▸ Items from a dataset
lemma hop_term_hole_config:
  fixes \<phi> :: "'a::linorder fstate"
  assumes x: "x \<in> \<Lambda>" and "y \<in> \<Lambda>" and h: "h \<in> \<Lambda>" and D: "D \<subseteq> \<Lambda> - {h}"
  shows "cdag (x, \<sigma>) (cop (y, \<sigma>) (P0 \<phi>)) (hole_config \<Lambda> h D) =
    (if \<sigma> = (x \<notin> D) \<and> x \<noteq> h then
       (if y = x then \<phi> (hole_config \<Lambda> h D) else 0)
       + (if y = h then hop_sign \<Lambda> x h D * \<phi> (hole_config \<Lambda> x (move_spin x h D)) else 0)
     else 0)"
proof (cases "(x, \<sigma>) \<in> hole_config \<Lambda> h D")
  case False
  then show ?thesis using assms by (auto simp: cdag_cop mem_hole_config)
next
  case xS: True
  then have xh: "x \<noteq> h" and \<sigma>: "\<sigma> = (x \<notin> D)" by (auto simp: mem_hole_config)
  consider "y = x" | "y = h" | "y \<noteq> x" "y \<noteq> h" "\<sigma> = (y \<notin> D)" | "y \<noteq> x" "y \<noteq> h" "\<sigma> \<noteq> (y \<notin> D)"
    by blast
  then show ?thesis
  proof cases
    case 1
    then show ?thesis using xh \<sigma> xS by (simp add: cdag_cop_self P0_hole_config)
  next
    case 2
    have "(h, \<sigma>) \<notin> hole_config \<Lambda> h D - {(x, \<sigma>)}" by (simp add: mem_hole_config)
    then show ?thesis using 2 xh \<sigma> xS hop_hole_config[OF x xh h D]
      by (simp add: cdag_cop P0_hole_config hop_sign_def)
  next
    case 3
    \<comment> \<open>the target mode is already occupied\<close>
    then have "(y, \<sigma>) \<in> hole_config \<Lambda> h D - {(x, \<sigma>)}" using assms by (auto simp: mem_hole_config)
    then show ?thesis using 3 by (simp add: cdag_cop)
  next
    case 4
    \<comment> \<open>the hop would create a doubly occupied site at \<open>y\<close>\<close>
    have "\<not> no_double (insert (y, \<sigma>) (hole_config \<Lambda> h D - {(x, \<sigma>)}))"
      unfolding no_double_def using 4 assms by (cases \<sigma>) (auto simp: mem_hole_config)
    then have "P0 \<phi> (insert (y, \<sigma>) (hole_config \<Lambda> h D - {(x, \<sigma>)})) = 0" by (simp add: P0_def)
    then have "cdag (x, \<sigma>) (cop (y, \<sigma>) (P0 \<phi>)) (hole_config \<Lambda> h D) = 0" unfolding cdag_cop by simp
    then show ?thesis using 4 by simp
  qed
qed

lemma Hinf_hole_config:
  fixes \<phi> :: "'a::linorder fstate"
  assumes fin: "finite \<Lambda>" and h: "h \<in> \<Lambda>" and D: "D \<subseteq> \<Lambda> - {h}"
  shows "Hinf \<Lambda> t \<phi> (hole_config \<Lambda> h D) =
      (\<Sum>x\<in>\<Lambda>-{h}. complex_of_real (t x x)) * \<phi> (hole_config \<Lambda> h D)
    + (\<Sum>x\<in>\<Lambda>-{h}. complex_of_real (t x h) * hop_sign \<Lambda> x h D * \<phi> (hole_config \<Lambda> x (move_spin x h D)))"
proof -
  define S where "S = hole_config \<Lambda> h D"
  define T where "T x = complex_of_real (t x x) * \<phi> S
      + complex_of_real (t x h) * hop_sign \<Lambda> x h D * \<phi> (hole_config \<Lambda> x (move_spin x h D))" for x
  have row: "(\<Sum>y\<in>\<Lambda>. \<Sum>\<sigma>\<in>UNIV. complex_of_real (t x y) * cdag (x, \<sigma>) (cop (y, \<sigma>) (P0 \<phi>)) S)
      = (if x \<noteq> h then T x else 0)" if x: "x \<in> \<Lambda>" for x
  proof -
    have "(\<Sum>y\<in>\<Lambda>. \<Sum>\<sigma>\<in>UNIV. complex_of_real (t x y) * cdag (x, \<sigma>) (cop (y, \<sigma>) (P0 \<phi>)) S)
      = (\<Sum>y\<in>\<Lambda>. (if y = x \<and> x \<noteq> h then complex_of_real (t x x) * \<phi> S else 0)
          + (if y = h \<and> x \<noteq> h then complex_of_real (t x h) * (hop_sign \<Lambda> x h D
              * \<phi> (hole_config \<Lambda> x (move_spin x h D))) else 0))"
      unfolding S_def by (intro sum.cong refl) (auto simp: sum_UNIV_bool hop_term_hole_config x h D)
    also have "\<dots> = (if x \<noteq> h then T x else 0)"
      using fin x h by (simp add: T_def sum.distrib mult.assoc)
    finally show ?thesis .
  qed
  have "Hinf \<Lambda> t \<phi> S = (\<Sum>x\<in>\<Lambda>. if x \<noteq> h then T x else 0)"
    unfolding Hinf_def Hhop_def S_def P0_hole_config using row by (simp add: S_def)
  also have "\<dots> = (\<Sum>x\<in>\<Lambda>-{h}. T x)"
    using fin by (simp add: sum.inter_filter[symmetric] set_diff_eq)
  finally show ?thesis unfolding S_def T_def by (simp add: sum.distrib sum_distrib_right)
qed
(* For $v\in\mathbb R$ consider the stationary phase points, i.e. the zeros of the polynomial $12\prod_{k=0}^g(z-\tilde\lambda_k)+v\prod_{k=1}^g(z-\lambda_k)$, denoted $z_j(v)$, $0\le j\le g$. Set $\lambda_0=-\infty$ and $\lambda_{g+1}=\infty$. Then (with suitable labelling) $\lambda_j<z_j(v)<\lambda_{j+1}$, and there is always at least one stationary phase point in each spectral gap. Moreover, each $z_j(v)$ is strictly decreasing in $v$ with $\lim_{v\to-\infty}z_j(v)=\lambda_{j+1}$ and $\lim_{v\to\infty}z_j(v)=\lambda_j$.
   Context: Fix $g\in\mathbb N_0$ and real $E_0<E_1<\dots<E_{2g}$; $R_{2g+1}^{1/2}(z)=\mathrm i\prod_{j=0}^{2g}\sqrt{z-E_j}$ defines the hyperelliptic Riemann surface $\mathcal K_g$, with spectrum $\sigma=\bigcup_{j=0}^{g-1}[E_{2j},E_{2j+1}]\cup[E_{2g},\infty)$ and spectral gaps $(E_{2j-1},E_{2j})$, $1\le j\le g$. The numbers $\lambda_j$ ($1\le j\le g$) and $\tilde\lambda_j$ ($0\le j\le g$) are defined by requiring that $\omega_{p_\infty,0}=\frac1{2\mathrm i}\frac{\prod_{j=1}^g(\pi-\lambda_j)}{R_{2g+1}^{1/2}}d\pi$ and $\omega_{p_\infty,2}=\frac1{2\mathrm i}\frac{\prod_{j=0}^g(\pi-\tilde\lambda_j)}{R_{2g+1}^{1/2}}d\pi$ have vanishing $a$-periods (the $a_j$ cycle encircles the $j$-th gap changing sheets), with $\sum_{j=0}^g\tilde\lambda_j=\frac12\sum_{j=0}^{2g}E_j$; they are real, $\lambda_j$ and $\tilde\lambda_j$ ($j\ge1$) lie in the $j$-th gap. The stationary phase points are the zeros of $\phi'$ for the phase $\phi(p)=-24\mathrm i\int^p\omega_{p_\infty,2}-2\mathrm iv\int^p\omega_{p_\infty,0}$. *)

theory Defs
  imports "HOL-Analysis.Analysis"
begin

text \<open>Vanishing of the a_j-period of the differential (1/2i) p(pi)/R_{2g+1}^{1/2} d pi.
  The cycle a_j encircles the j-th gap (E_{2j-1}, E_{2j}) changing sheets, so the a_j-period
  equals a nonzero constant times the (absolutely convergent) real integral over the gap of
  p(x)/sqrt|prod_i (x - E_i)|.  Hence vanishing of the period means this integral is 0.\<close>
definition a_period_vanishes :: "(nat \<Rightarrow> real) \<Rightarrow> nat \<Rightarrow> (real \<Rightarrow> real) \<Rightarrow> nat \<Rightarrow> bool" where
  "a_period_vanishes E g p j \<longleftrightarrow>
     ((\<lambda>x. p x / sqrt \<bar>\<Prod>i\<in>{0..2*g}. x - E i\<bar>) has_integral 0) {E (2*j-1)..E (2*j)}"

end

theory Submission
  imports Defs
begin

▸ What is required
The answer should consist solely of the lines from the first line above through the one with "case xS: True", both included, repeated exactly.

▸ Response
lemma hop_term_hole_config:
  fixes \<phi> :: "'a::linorder fstate"
  assumes x: "x \<in> \<Lambda>" and "y \<in> \<Lambda>" and h: "h \<in> \<Lambda>" and D: "D \<subseteq> \<Lambda> - {h}"
  shows "cdag (x, \<sigma>) (cop (y, \<sigma>) (P0 \<phi>)) (hole_config \<Lambda> h D) =
    (if \<sigma> = (x \<notin> D) \<and> x \<noteq> h then
       (if y = x then \<phi> (hole_config \<Lambda> h D) else 0)
       + (if y = h then hop_sign \<Lambda> x h D * \<phi> (hole_config \<Lambda> x (move_spin x h D)) else 0)
     else 0)"
proof (cases "(x, \<sigma>) \<in> hole_config \<Lambda> h D")
  case False
  then show ?thesis using assms by (auto simp: cdag_cop mem_hole_config)
next
  case xS: True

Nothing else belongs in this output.